TASK REQUIREMENTS →
Count the lines below containing "Xset"; state the number only.

(Records from a dataset)
text \<open>Along the line y = l X + nu the Weierstrass equation becomes a cubic in X with
  leading coefficient -1 and roots summing to l^2 + a1 l - a2; its derivative at X is
  l tangent_den - tangent_num.\<close>

lemma chord_third_root:
  assumes "x1 \<noteq> x2" and "weq E x1 (l*x1 + nu) = 0" and "weq E x2 (l*x2 + nu) = 0"
    and x3: "x3 = l^2 + of_int (wa1 E)*l - of_int (wa2 E) - x1 - x2"
  shows "weq E x3 (l*x3 + nu) = 0"
    and "l * tangent_den E x1 (l*x1 + nu) - tangent_num E x1 (l*x1 + nu) = (x2 - x1)*(x1 - x3)"
proof -
  define c1 where "c1 = 2*l*nu + of_int (wa1 E)*nu + of_int (wa3 E)*l - of_int (wa4 E)
    + (x1*x2 + x1*x3 + x2*x3)"
  define c0 where "c0 = nu^2 + of_int (wa3 E)*nu - of_int (wa6 E) - x1*x2*x3"
  have cubic: "weq E X (l*X + nu) + (X - x1)*(X - x2)*(X - x3) = c1*X + c0" for X
    unfolding c1_def c0_def x3 weq_def by algebra
  have at_x1: "c1*x1 + c0 = 0" and at_x2: "c1*x2 + c0 = 0"
    using cubic[of x1] cubic[of x2] assms(2,3) by simp_all
  have "c1*(x1 - x2) = (c1*x1 + c0) - (c1*x2 + c0)"
    by (simp add: algebra_simps)
  then have "c1*(x1 - x2) = 0"
    using at_x1 at_x2 by simp
  then have c1: "c1 = 0" and c0: "c0 = 0"
    using \<open>x1 \<noteq> x2\<close> at_x1 by simp_all
  show "weq E x3 (l*x3 + nu) = 0"
    using cubic[of x3] c1 c0 by simp
  have "l * tangent_den E x1 (l*x1 + nu) - tangent_num E x1 (l*x1 + nu) = c1 + (x2 - x1)*(x1 - x3)"
    unfolding c1_def x3 tangent_den_def tangent_num_def by algebra
  then show "l * tangent_den E x1 (l*x1 + nu) - tangent_num E x1 (l*x1 + nu) = (x2 - x1)*(x1 - x3)"
    using c1 by simp
qed
definition weight_gl_module :: "nat \<Rightarrow> (complex \<Rightarrow> 'v::ab_group_add \<Rightarrow> 'v) \<Rightarrow> (nat \<Rightarrow> nat \<Rightarrow> 'v \<Rightarrow> 'v) \<Rightarrow> bool" where
  "weight_gl_module n sc E \<longleftrightarrow>
     (\<forall>j\<in>{1..n}. module.span sc {v. \<exists>c. E j j v = sc c v} = UNIV)"

text \<open>Vectors in C^n are functions nat => complex, coordinates 1..n.\<close>
definition Xset :: "complex \<Rightarrow> complex set" where
  "Xset a = (if a \<in> \<nat> then {of_nat k | k. True}
             else if a \<in> \<int> then {- of_nat (Suc k) | k. True}
             else {a + of_int k | k. True})"

definition Sset :: "nat \<Rightarrow> (nat \<Rightarrow> complex) \<Rightarrow> (nat \<Rightarrow> complex) set" where
  "Sset n lam = {mu. (\<forall>j\<in>{1..n}. mu j \<in> Xset (lam j)) \<and> (\<forall>j. j \<notin> {1..n} \<longrightarrow> mu j = 0)}"

definition wsum :: "nat \<Rightarrow> (nat \<Rightarrow> complex) \<Rightarrow> complex" where
  "wsum n mu = (\<Sum>j=1..n. mu j)"

definition shift :: "(nat \<Rightarrow> complex) \<Rightarrow> nat \<Rightarrow> nat \<Rightarrow> (nat \<Rightarrow> complex)" where
  "shift mu j l = (\<lambda>i. mu i + (if i = j then 1 else 0) - (if i = l then 1 else 0))"

text \<open>N(lambda): elements are coefficient functions f (f mu = coefficient of y(mu)),
finitely supported on {mu in S(lambda). |mu| = |lambda|}.\<close>
definition Nspace :: "nat \<Rightarrow> (nat \<Rightarrow> complex) \<Rightarrow> ((nat \<Rightarrow> complex) \<Rightarrow> complex) set" where
  "Nspace n lam = {f. finite {mu. f mu \<noteq> 0} \<and>
      (\<forall>mu. f mu \<noteq> 0 \<longrightarrow> mu \<in> Sset n lam \<and> wsum n mu = wsum n lam)}"

text \<open>Action E_{l,j} y(mu') = mu'_j y(mu' - e_j + e_l) (with y(mu) = 0 for mu outside S),
written on coefficient functions.\<close>
definition NE :: "nat \<Rightarrow> (nat \<Rightarrow> complex) \<Rightarrow> nat \<Rightarrow> nat \<Rightarrow> ((nat \<Rightarrow> complex) \<Rightarrow> complex) \<Rightarrow> ((nat \<Rightarrow> complex) \<Rightarrow> complex)" where
  "NE n lam l j f = (\<lambda>mu. if mu \<in> Sset n lam then shift mu j l j * f (shift mu j l) else 0)"

definition iso_to_N :: "nat \<Rightarrow> (complex \<Rightarrow> 'v::ab_group_add \<Rightarrow> 'v) \<Rightarrow> (nat \<Rightarrow> nat \<Rightarrow> 'v \<Rightarrow> 'v) \<Rightarrow> (nat \<Rightarrow> complex) \<Rightarrow> bool" where
  "iso_to_N n sc E lam \<longleftrightarrow> (\<exists>\<phi> :: 'v \<Rightarrow> ((nat \<Rightarrow> complex) \<Rightarrow> complex).
      (\<forall>u v mu. \<phi> (u + v) mu = \<phi> u mu + \<phi> v mu) \<and>
      (\<forall>c v mu. \<phi> (sc c v) mu = c * \<phi> v mu) \<and>
      bij_betw \<phi> UNIV (Nspace n lam) \<and>
      (\<forall>l\<in>{1..n}. \<forall>j\<in>{1..n}. \<forall>v. \<phi> (E l j v) = NE n lam l j (\<phi> v)))"

end

theory Submission
  imports Defs "HOL-Library.Function_Algebras"
begin

text \<open>
  Fix a weight vector \<open>v\<^sub>0\<close> of weight \<open>\<lambda>\<close>; it exists because the commuting operators \<open>E\<^sub>j\<^sub>j\<close> are
  diagonalizable. A word \<open>X\<close> in the \<open>E\<^sub>l\<^sub>j\<close> acts on \<open>N(\<lambda>)\<close> by \<open>y(\<mu>) \<mapsto> c\<^sub>X(\<mu>) y(\<mu> + wt X)\<close>.
  The heart of the proof is that a word of weight zero acts on every weight vector of weight \<open>\<mu>\<close>
  by the same scalar \<open>c\<^sub>X(\<mu>)\<close>. If the letter applied first is \<open>E\<^sub>l\<^sub>j\<close> with \<open>l \<noteq> j\<close>, some later
  letter \<open>E\<^sub>a\<^sub>l\<close> with \<open>a \<noteq> l\<close> lowers \<open>l\<close> again. Commute it down to \<open>E\<^sub>l\<^sub>j\<close>; the correction
  terms are shorter words. Then contract the adjacent pair by the quadratic relation, which on
  weight vectors reads \<open>E\<^sub>a\<^sub>l E\<^sub>l\<^sub>j = (1 + \<mu>\<^sub>l) E\<^sub>a\<^sub>j\<close>.

  By simplicity, \<open>V\<close> is spanned by the vectors \<open>X v\<^sub>0\<close>. The map \<open>\<Sum> r\<^sub>X X v\<^sub>0 \<mapsto> \<Sum> r\<^sub>X X y(\<lambda>)\<close> is
  well defined: if \<open>\<Sum> r\<^sub>X X v\<^sub>0 = 0\<close>, then each weight component vanishes, and applying a word
  that leads back from that weight to \<open>\<lambda>\<close> with nonzero coefficient turns the component into a
  multiple of \<open>v\<^sub>0\<close>. The map is injective by simplicity. It is surjective because any two
  points of \<open>S(\<lambda>)\<close> with the same coordinate sum are joined by such a word.
\<close>

lemma of_int_in_Nats_iff: "(of_int k :: 'a::ring_char_0) \<in> \<nat> \<longleftrightarrow> 0 \<le> k"
  by (auto simp: Nats_altdef1)

lemma Nats_minus_one:
  assumes "(x :: 'a::ring_1) \<in> \<nat>" "x \<noteq> 0"
  shows "x - 1 \<in> \<nat>"
proof -
  obtain m where "x = of_nat (Suc m)"
    using assms by (metis Nats_cases not0_implies_Suc of_nat_0)
  then show ?thesis by simp
qed

section \<open>Joint eigenvectors\<close>

context vector_space
begin

lemma joint_eigenvectors_sum_eq_0:
  fixes f :: "'j \<Rightarrow> 'b \<Rightarrow> 'b" and ev :: "'w \<Rightarrow> 'j \<Rightarrow> 'a"
  assumes "finite L"
    and lin: "\<And>j. j \<in> J \<Longrightarrow> Vector_Spaces.linear scale scale (f j)"
    and eig: "\<And>w j. w \<in> L \<Longrightarrow> j \<in> J \<Longrightarrow> f j (p w) = ev w j *s p w"
    and sep: "\<And>w w'. w \<in> L \<Longrightarrow> w' \<in> L \<Longrightarrow> w \<noteq> w' \<Longrightarrow> \<exists>j\<in>J. ev w j \<noteq> ev w' j"
    and "sum p L = 0"
  shows "\<forall>w\<in>L. p w = 0"
  using assms(1,3-)
proof (induction L arbitrary: p rule: finite_induct)
  case (insert w0 L)
  have "p w = 0" if "w \<in> L" for w
  proof -
    obtain j where j: "j \<in> J" "ev w j \<noteq> ev w0 j"
      using insert.prems(2) \<open>w \<in> L\<close> insert.hyps(2) by (metis insertCI)
    interpret f: Vector_Spaces.linear scale scale "f j" by (fact lin[OF j(1)])
    define q where "q w' = (ev w' j - ev w0 j) *s p w'" for w'
    have "f j (sum p (insert w0 L)) - ev w0 j *s sum p (insert w0 L) = sum q (insert w0 L)"
      using insert.prems(1) j(1)
      by (simp add: f.sum q_def scale_sum_right scale_left_diff_distrib sum_subtractf)
    then have "sum q L = 0"
      using insert.prems(3) insert.hyps by (simp add: q_def)
    moreover have "f j' (q w') = ev w' j' *s q w'" if "w' \<in> L" "j' \<in> J" for w' j'
    proof -
      interpret f': Vector_Spaces.linear scale scale "f j'" by (fact lin[OF that(2)])
      show ?thesis using insert.prems(1) that by (simp add: q_def f'.scale scale_left_commute)
    qed
    ultimately have "\<forall>w'\<in>L. q w' = 0"
      using insert.IH insert.prems(2) by blast
    then have "q w = 0" using \<open>w \<in> L\<close> by blast
    with j(2) show "p w = 0" by (simp add: q_def)
  qed
  with insert.prems(3) insert.hyps show ?case by simp
qed simp

lemma eigenvector_decomposition:
  assumes "Vector_Spaces.linear scale scale f" and "v \<in> span {v. \<exists>c. f v = c *s v}"
  obtains D p where "finite D" "v = sum p D" "\<And>d. d \<in> D \<Longrightarrow> f (p d) = d *s p d"
proof -
  obtain t r where t: "finite t" "t \<subseteq> {v. \<exists>c. f v = c *s v}" "v = (\<Sum>x\<in>t. r x *s x)"
    using assms(2) unfolding span_explicit by blast
  define ev where "ev x = (SOME c. f x = c *s x)" for x
  have ev: "f x = ev x *s x" if "x \<in> t" for x
    using t(2) that unfolding ev_def by (auto intro: someI_ex)
  define p where "p d = (\<Sum>x\<in>{x\<in>t. ev x = d}. r x *s x)" for d
  interpret f: Vector_Spaces.linear scale scale f by (fact assms(1))
  have "v = sum p (ev ` t)"
    unfolding p_def t(3) by (rule sum.image_gen[OF t(1)])
  moreover have "f (p d) = d *s p d" for d
    using ev by (simp add: p_def f.sum f.scale scale_sum_right mult.commute)
  ultimately show thesis using that t(1) by blast
qed
(* Let $D$ be a square-free integer, let $\mathbb{Z}[\sqrt{D}]$ denote the ring of integers of $\mathbb{Q}(\sqrt{D})$, and let $p$ be a prime integer which is irreducible but not prime in $\mathbb{Z}[\sqrt{D}]$. For $z\in I_p(D)$, the matrix $A(p,z)$ has property (CZ) if and only if the matrix $A(p,\bar z)$ has property (CZ).
   Context: Here $\mathbb{Z}[\sqrt{D}]=\{a+b\sqrt{D}:a,b\in\mathbb{Z}\}$ if $D\equiv 2,3 \pmod 4$ and $\mathbb{Z}[\sqrt{D}]=\{\frac{a+b\sqrt{D}}{2}:a,b\in\mathbb{Z},\ a\equiv b \pmod 2\}$ if $D\equiv 1\pmod 4$. $\bar z$ denotes the conjugate and $\lVert z\rVert=z\bar z$ the norm. $I_p(D)$ is the set of all non-unit $z\in\mathbb{Z}[\sqrt{D}]$ such that $z\notin\langle p\rangle$ but there exists $m\notin\langle p\rangle$ with $zm\in\langle p\rangle$ (for such $z$, $p$ divides $\lVert z\rVert$). For $z\in I_p(D)$, $A(p,z)=\begin{pmatrix} p & z\\ \bar z & \lVert z\rVert/p\end{pmatrix}$. A matrix $A(p,z)$ has property (CZ) if there exist $a,b,c\in\mathbb{Z}[\sqrt{D}]$ with $a(1-a)=bc$ such that $A(p,z)=\begin{pmatrix} a&b\\ c&1-a\end{pmatrix}\begin{pmatrix}\bar a&\bar c\\ \bar b&1-\bar a\end{pmatrix}$. *)

theory Defs
  imports "HOL-Analysis.Analysis" "HOL-Computational_Algebra.Squarefree"
begin

text \<open>Elements of Q(sqrt D) are modelled inside the complex numbers, with
  sqrt D realised as the positive real square root if D \<ge> 0 and as
  i * sqrt(-D) if D < 0.\<close>

definition sqrtD :: "int \<Rightarrow> complex" where
  "sqrtD D = (if D \<ge> 0 then complex_of_real (sqrt (real_of_int D))
              else \<i> * complex_of_real (sqrt (real_of_int (- D))))"

definition ZD :: "int \<Rightarrow> complex set" where
  "ZD D = (if D mod 4 = 1
           then {(of_int a + of_int b * sqrtD D) / 2 | a b :: int. a mod 2 = b mod 2}
           else {of_int a + of_int b * sqrtD D | a b :: int. True})"

definition qcnj :: "int \<Rightarrow> complex \<Rightarrow> complex" where
  "qcnj D z = (THE w. \<exists>x y :: rat. z = of_rat x + of_rat y * sqrtD D
                                   \<and> w = of_rat x - of_rat y * sqrtD D)"

definition qnorm :: "int \<Rightarrow> complex \<Rightarrow> complex" where
  "qnorm D z = z * qcnj D z"

definition unitD :: "int \<Rightarrow> complex \<Rightarrow> bool" where
  "unitD D z \<longleftrightarrow> z \<in> ZD D \<and> (\<exists>w \<in> ZD D. z * w = 1)"

definition dvdD :: "int \<Rightarrow> complex \<Rightarrow> complex \<Rightarrow> bool" where
  "dvdD D a b \<longleftrightarrow> (\<exists>c \<in> ZD D. b = a * c)"

definition irreducibleD :: "int \<Rightarrow> complex \<Rightarrow> bool" where
  "irreducibleD D p \<longleftrightarrow> p \<in> ZD D \<and> p \<noteq> 0 \<and> \<not> unitD D p \<and>
     (\<forall>a \<in> ZD D. \<forall>b \<in> ZD D. p = a * b \<longrightarrow> unitD D a \<or> unitD D b)"

definition primeD :: "int \<Rightarrow> complex \<Rightarrow> bool" where
  "primeD D p \<longleftrightarrow> p \<in> ZD D \<and> p \<noteq> 0 \<and> \<not> unitD D p \<and>
     (\<forall>a \<in> ZD D. \<forall>b \<in> ZD D. dvdD D p (a * b) \<longrightarrow> dvdD D p a \<or> dvdD D p b)"

definition idealD :: "int \<Rightarrow> complex \<Rightarrow> complex set" where
  "idealD D p = {p * c | c. c \<in> ZD D}"
lemma inj_on_arc_root: "inj_on arc_root (arcs r)"
proof (rule inj_onI)
  fix p q assume p: "p \<in> arcs r" and q: "q \<in> arcs r" and eq: "arc_root p = arc_root q"
  have "arc_root q (fst p) = 1" "arc_root q (snd p) = -1"
    using p unfolding eq[symmetric] by (auto simp: arc_root_def unitv_def arcs_def)
  then have "fst q = fst p" "snd q = snd p"
    by (auto simp: arc_root_def unitv_def split: if_splits)
  then show "p = q" by (simp add: prod_eq_iff)
qed

lemma inj_on_flow_partition:
  assumes r: "1 \<le> r"
  shows "inj_on (flow_partition r) (flows r)"
proof (rule inj_onI)
  fix N N' assume N: "N \<in> flows r" and N': "N' \<in> flows r"
    and eq: "flow_partition r N = flow_partition r N'"
  have arcs: "set_mset N \<subseteq> arcs r" "set_mset N' \<subseteq> arcs r"
    using N N' by (simp_all add: flows_def)
  have "image_mset arc_root {#p \<in># N. snd p \<noteq> r + 1#} = image_mset arc_root {#p \<in># N'. snd p \<noteq> r + 1#}"
    using flow_partition_split(1)[OF N r] flow_partition_split(1)[OF N' r] eq by simp
  then have inner: "{#p \<in># N. snd p \<noteq> r + 1#} = {#p \<in># N'. snd p \<noteq> r + 1#}"
    using arcs by (intro image_mset_inj_on_eqD[OF inj_on_arc_root]) auto
  have "sink_root r N = sink_root r N'"
    using flow_partition_split(2)[OF N r] flow_partition_split(2)[OF N' r] eq by simp
  then have "image_mset fst {#p \<in># N. snd p = r + 1#} = image_mset fst {#p \<in># N'. snd p = r + 1#}"
    by (simp add: sink_root_def fun_eq_iff multiset_eq_iff)
  then have sink: "{#p \<in># N. snd p = r + 1#} = {#p \<in># N'. snd p = r + 1#}"
    by (intro image_mset_inj_on_eqD[of fst "{p. snd p = r + 1}"]) (auto simp: inj_on_def prod_eq_iff)
  show "N = N'"
    using multiset_partition[of N "\<lambda>p. snd p = r + 1"] multiset_partition[of N' "\<lambda>p. snd p = r + 1"]
    unfolding inner sink by simp
qed

lemma flow_partition_surj:
  assumes M: "M \<in> partitions_C r highest_root_C" and r: "1 \<le> r"
  shows "\<exists>N\<in>flows r. flow_partition r N = M"
proof -
  obtain i j where ij: "i \<in> {1..r}" "j \<in> {1..r}"
    and long: "{#v \<in># M. coord_sum r v \<noteq> 0#} = {#\<lambda>k. unitv i k + unitv j k#}"
    using partition_highest_root_C_long_root[OF M r] .
  define M0 where "M0 = {#v \<in># M. coord_sum r v = 0#}"
  have "v \<in> arc_root ` {p \<in> arcs r. snd p \<le> r}" if "v \<in># M0" for v
  proof -
    have "v \<in> pos_roots_C r" "coord_sum r v = 0" using that M by (auto simp: M0_def partitions_C_def)
    then show ?thesis
      by (cases rule: pos_roots_C_cases) (auto simp: coord_sum_unitv_add arcs_def)
  qed
  then obtain N0 where N0: "set_mset N0 \<subseteq> {p \<in> arcs r. snd p \<le> r}" "image_mset arc_root N0 = M0"
    using ex_image_mset_eq[of M0 arc_root] by blast
  define N where "N = N0 + {#(i, r + 1), (j, r + 1)#}"
  have sink: "{#p \<in># N. snd p = r + 1#} = {#(i, r + 1), (j, r + 1)#}"
    using N0(1) by (force simp: N_def)
  have "{#p \<in># N. snd p \<noteq> r + 1#} = N0"
    using N0(1) by (force simp: N_def filter_mset_eq_conv)
  then have partition: "flow_partition r N = M"
    using multiset_partition[of M "\<lambda>v. coord_sum r v = 0"] N0(2)
    by (simp add: flow_partition_def sink_root_eq[OF sink] long M0_def)
  have "set_mset N \<subseteq> arcs r" using N0(1) ij by (auto simp: N_def arcs_def)
  then have "N \<in> flows r"
    using sum_flow_partition[OF sink] M
    by (simp add: partition flows_def partitions_C_def highest_root_C_def eq_diff_eq)
  then show ?thesis using partition by blast
qed

lemma bij_betw_flow_partition:
  assumes "1 \<le> r"
  shows "bij_betw (flow_partition r) (flows r) (partitions_C r highest_root_C)"
proof (rule bij_betw_imageI)
  show "inj_on (flow_partition r) (flows r)" using inj_on_flow_partition[OF assms] .
  show "flow_partition r ` flows r = partitions_C r highest_root_C"
    using flow_partition_in_partitions_C flow_partition_surj assms by (force simp: image_iff)
qed

theorem mainTheorem12:
  fixes r :: nat
  assumes "r \<ge> 3"
  shows "(\<exists>f. bij_betw f (partitions_C r highest_root_C) (JS state2 state2 r))
         \<and> kostant_C r highest_root_C = js state2 state2 r"
proof -
  have r: "1 \<le> r" using assms by simp
  have "bij_betw (flow_js r \<circ> inv_into (flows r) (flow_partition r))
      (partitions_C r highest_root_C) (JS state2 state2 r)"
    using bij_betw_inv_into[OF bij_betw_flow_partition[OF r]] bij_betw_flow_js[OF r]
    by (rule bij_betw_trans)
  then show ?thesis
    unfolding kostant_C_def js_def using bij_betw_same_card by blast
qed

end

COMPLETED TASK →
3